#### PROBLEM DESCRIPTION
Each record is to be given again without alteration.
■ ■ ■ ■
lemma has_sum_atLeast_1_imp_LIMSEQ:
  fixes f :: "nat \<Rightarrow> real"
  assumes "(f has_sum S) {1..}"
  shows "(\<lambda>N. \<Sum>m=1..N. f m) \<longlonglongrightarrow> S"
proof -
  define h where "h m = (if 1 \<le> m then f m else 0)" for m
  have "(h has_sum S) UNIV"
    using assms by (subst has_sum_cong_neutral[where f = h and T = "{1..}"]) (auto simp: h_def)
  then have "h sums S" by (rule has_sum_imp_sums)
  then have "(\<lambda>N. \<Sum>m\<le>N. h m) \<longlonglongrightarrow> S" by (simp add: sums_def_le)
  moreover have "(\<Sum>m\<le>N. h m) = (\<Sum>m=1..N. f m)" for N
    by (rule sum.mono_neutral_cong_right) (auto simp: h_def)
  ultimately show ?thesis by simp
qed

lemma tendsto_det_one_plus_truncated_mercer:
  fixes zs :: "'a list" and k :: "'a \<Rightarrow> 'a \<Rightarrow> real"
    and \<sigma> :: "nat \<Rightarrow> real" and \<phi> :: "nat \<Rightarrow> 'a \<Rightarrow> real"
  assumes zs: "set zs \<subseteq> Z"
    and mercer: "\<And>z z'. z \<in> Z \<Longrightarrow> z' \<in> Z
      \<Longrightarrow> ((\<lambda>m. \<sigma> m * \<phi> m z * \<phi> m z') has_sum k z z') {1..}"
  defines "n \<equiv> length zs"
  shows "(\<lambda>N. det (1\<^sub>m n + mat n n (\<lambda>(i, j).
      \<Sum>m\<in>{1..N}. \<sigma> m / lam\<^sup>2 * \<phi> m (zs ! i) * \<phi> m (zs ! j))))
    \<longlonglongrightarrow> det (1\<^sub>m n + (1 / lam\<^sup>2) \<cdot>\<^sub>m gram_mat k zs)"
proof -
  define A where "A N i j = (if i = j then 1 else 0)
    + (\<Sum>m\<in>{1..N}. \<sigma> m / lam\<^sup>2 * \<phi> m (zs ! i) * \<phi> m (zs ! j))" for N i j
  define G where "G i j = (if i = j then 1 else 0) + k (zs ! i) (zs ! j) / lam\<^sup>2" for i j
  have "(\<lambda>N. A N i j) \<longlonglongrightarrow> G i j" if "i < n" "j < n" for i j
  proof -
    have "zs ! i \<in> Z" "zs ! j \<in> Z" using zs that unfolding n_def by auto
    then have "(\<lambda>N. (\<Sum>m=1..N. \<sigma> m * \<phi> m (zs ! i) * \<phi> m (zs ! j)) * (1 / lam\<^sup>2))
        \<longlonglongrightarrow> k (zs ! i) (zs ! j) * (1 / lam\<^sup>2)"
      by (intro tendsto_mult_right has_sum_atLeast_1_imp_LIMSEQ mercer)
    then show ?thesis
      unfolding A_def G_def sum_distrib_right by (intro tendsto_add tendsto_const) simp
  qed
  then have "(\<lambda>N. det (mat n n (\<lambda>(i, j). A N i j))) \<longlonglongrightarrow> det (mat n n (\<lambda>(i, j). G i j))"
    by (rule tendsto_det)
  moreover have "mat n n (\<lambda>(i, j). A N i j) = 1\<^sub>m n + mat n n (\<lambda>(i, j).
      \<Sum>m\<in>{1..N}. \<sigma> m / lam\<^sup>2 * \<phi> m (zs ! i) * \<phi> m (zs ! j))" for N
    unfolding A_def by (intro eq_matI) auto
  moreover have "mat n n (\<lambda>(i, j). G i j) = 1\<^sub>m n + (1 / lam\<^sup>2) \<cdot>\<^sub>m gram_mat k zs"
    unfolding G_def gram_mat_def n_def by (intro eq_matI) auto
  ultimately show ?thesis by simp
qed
■ ■ ■ ■
#### RESULT OF THIS TASK
lemma has_sum_atLeast_1_imp_LIMSEQ:
  fixes f :: "nat \<Rightarrow> real"
  assumes "(f has_sum S) {1..}"
  shows "(\<lambda>N. \<Sum>m=1..N. f m) \<longlonglongrightarrow> S"
proof -
  define h where "h m = (if 1 \<le> m then f m else 0)" for m
  have "(h has_sum S) UNIV"
    using assms by (subst has_sum_cong_neutral[where f = h and T = "{1..}"]) (auto simp: h_def)
  then have "h sums S" by (rule has_sum_imp_sums)
  then have "(\<lambda>N. \<Sum>m\<le>N. h m) \<longlonglongrightarrow> S" by (simp add: sums_def_le)
  moreover have "(\<Sum>m\<le>N. h m) = (\<Sum>m=1..N. f m)" for N
    by (rule sum.mono_neutral_cong_right) (auto simp: h_def)
  ultimately show ?thesis by simp
qed

lemma tendsto_det_one_plus_truncated_mercer:
  fixes zs :: "'a list" and k :: "'a \<Rightarrow> 'a \<Rightarrow> real"
    and \<sigma> :: "nat \<Rightarrow> real" and \<phi> :: "nat \<Rightarrow> 'a \<Rightarrow> real"
  assumes zs: "set zs \<subseteq> Z"
    and mercer: "\<And>z z'. z \<in> Z \<Longrightarrow> z' \<in> Z
      \<Longrightarrow> ((\<lambda>m. \<sigma> m * \<phi> m z * \<phi> m z') has_sum k z z') {1..}"
  defines "n \<equiv> length zs"
  shows "(\<lambda>N. det (1\<^sub>m n + mat n n (\<lambda>(i, j).
      \<Sum>m\<in>{1..N}. \<sigma> m / lam\<^sup>2 * \<phi> m (zs ! i) * \<phi> m (zs ! j))))
    \<longlonglongrightarrow> det (1\<^sub>m n + (1 / lam\<^sup>2) \<cdot>\<^sub>m gram_mat k zs)"
proof -
  define A where "A N i j = (if i = j then 1 else 0)
    + (\<Sum>m\<in>{1..N}. \<sigma> m / lam\<^sup>2 * \<phi> m (zs ! i) * \<phi> m (zs ! j))" for N i j
  define G where "G i j = (if i = j then 1 else 0) + k (zs ! i) (zs ! j) / lam\<^sup>2" for i j
  have "(\<lambda>N. A N i j) \<longlonglongrightarrow> G i j" if "i < n" "j < n" for i j
  proof -
    have "zs ! i \<in> Z" "zs ! j \<in> Z" using zs that unfolding n_def by auto
    then have "(\<lambda>N. (\<Sum>m=1..N. \<sigma> m * \<phi> m (zs ! i) * \<phi> m (zs ! j)) * (1 / lam\<^sup>2))
        \<longlonglongrightarrow> k (zs ! i) (zs ! j) * (1 / lam\<^sup>2)"
      by (intro tendsto_mult_right has_sum_atLeast_1_imp_LIMSEQ mercer)
    then show ?thesis
      unfolding A_def G_def sum_distrib_right by (intro tendsto_add tendsto_const) simp
  qed
  then have "(\<lambda>N. det (mat n n (\<lambda>(i, j). A N i j))) \<longlonglongrightarrow> det (mat n n (\<lambda>(i, j). G i j))"
    by (rule tendsto_det)
  moreover have "mat n n (\<lambda>(i, j). A N i j) = 1\<^sub>m n + mat n n (\<lambda>(i, j).
      \<Sum>m\<in>{1..N}. \<sigma> m / lam\<^sup>2 * \<phi> m (zs ! i) * \<phi> m (zs ! j))" for N
    unfolding A_def by (intro eq_matI) auto
  moreover have "mat n n (\<lambda>(i, j). G i j) = 1\<^sub>m n + (1 / lam\<^sup>2) \<cdot>\<^sub>m gram_mat k zs"
    unfolding G_def gram_mat_def n_def by (intro eq_matI) auto
  ultimately show ?thesis by simp
qed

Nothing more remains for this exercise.